Ditegaskannya kebebasan berekspresi merupakan hak konstitusional warga negara yang harus dijamin pelaksanaannya oleh negara. Selain sebagai hak konstitusional, kebebasan berekspresi adalah hak asasi manusia yang diakui, pengaturan ini dapat ditemui di dalam Pasal 14, 19, 20 dan 21 TAP MPR RI No. XVII/MPR/1998 tentang Hak Asasi Manusia, Pasal 14, 23 ayat (2), dan Pasal 25 UU No. 39 Tahun 1999 Tentang HAM, bahkan juga ditemui dalam Pasal 19 Konvenan Sipol (diratifikasi melalui UU No. 12 Tahun 2005).
 
“Seiring dengan kemajuan teknologi informasi, itu membawa perubahan besar dalam industri pers dan juga mengubah cara orang mengekspresikan pendapat dan perasaan masyarakat,” kata Rusdi.
 
Kata Rusdi, pasal paling dalam UU ITE itu adalah Pasal 27 ayat (3) dan Pasal 28 ayat (2) UU ITE, yang telah menjadi instrumen paling efektif untuk membungkam kebebasan berpendapat dan berekspresi di internet.

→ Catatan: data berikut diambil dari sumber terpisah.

lemma n_minus_grid_ge:
  assumes r_nonneg: "\<And>j. j < k \<Longrightarrow> r j \<ge> 0"
    and xs: "distinct xs" "set xs = prod_vertices k V"
    and xss: "\<And>i. i < k \<Longrightarrow> distinct (xss i) \<and> set (xss i) = V i"
  shows "n_minus (mat_on xs grid_sum) \<ge> (\<Sum>i<k. n_minus (mat_on (xss i) (d i)))"
proof -
  let ?m = "\<lambda>i. count_roots (\<lambda>s. s < 0) (char_poly (mat_on (factor_list i) (in_ones_basis (V i) (b i) (d i))))"
  have "(\<Sum>i<k. n_minus (mat_on (xss i) (d i))) = (\<Sum>i<k. ?m i)"
  proof (rule sum.cong)
    fix i assume "i \<in> {..<k}"
    then show "n_minus (mat_on (xss i) (d i)) = ?m i"
      using r_nonneg[of i] xss[of i] by (simp add: n_minus_eq_count_roots count_roots_factor)
  qed simp
  also have "\<dots> \<le> n_minus (mat_on xs grid_sum)"
  proof -
    have "(c * s < 0) = (s < 0)" if "c > 0" for c s :: real
      using that by (simp add: mult_less_0_iff)
    from count_roots_grid_ge[OF xs, of "\<lambda>s. s < 0", OF this]
    show ?thesis unfolding n_minus_eq_count_roots by linarith
  qed
  finally show ?thesis .
qed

Apalagi, dengan ancaman hukuman enam tahun penjara, merujuk pada ketentuan Pasal 21 KUHAP, penyidik dapat langsung melakukan penahanan terhadap seseorang yang disangka melakukan tindak pidana tersebut.
 
“Akibatnya, dalam banyak kasus, hanya karena suatu postingan sepele di media sosial, seseorang harus dirampas kebebasan sipilnya dengan dilakukannya penahanan,” tegas Rusdi.
 
Lanjut Rusdi, keberadaan pasal pencemaran nama baik dalam UU ITE, telah menciptakan chilling effect bagi kebebasan berpendapat dan berekspresi di Indonesia, sehingga publik menjadi khawatir untuk menyampaikan pendapatnya secara bebas, khususnya bila menggunakan medium internet.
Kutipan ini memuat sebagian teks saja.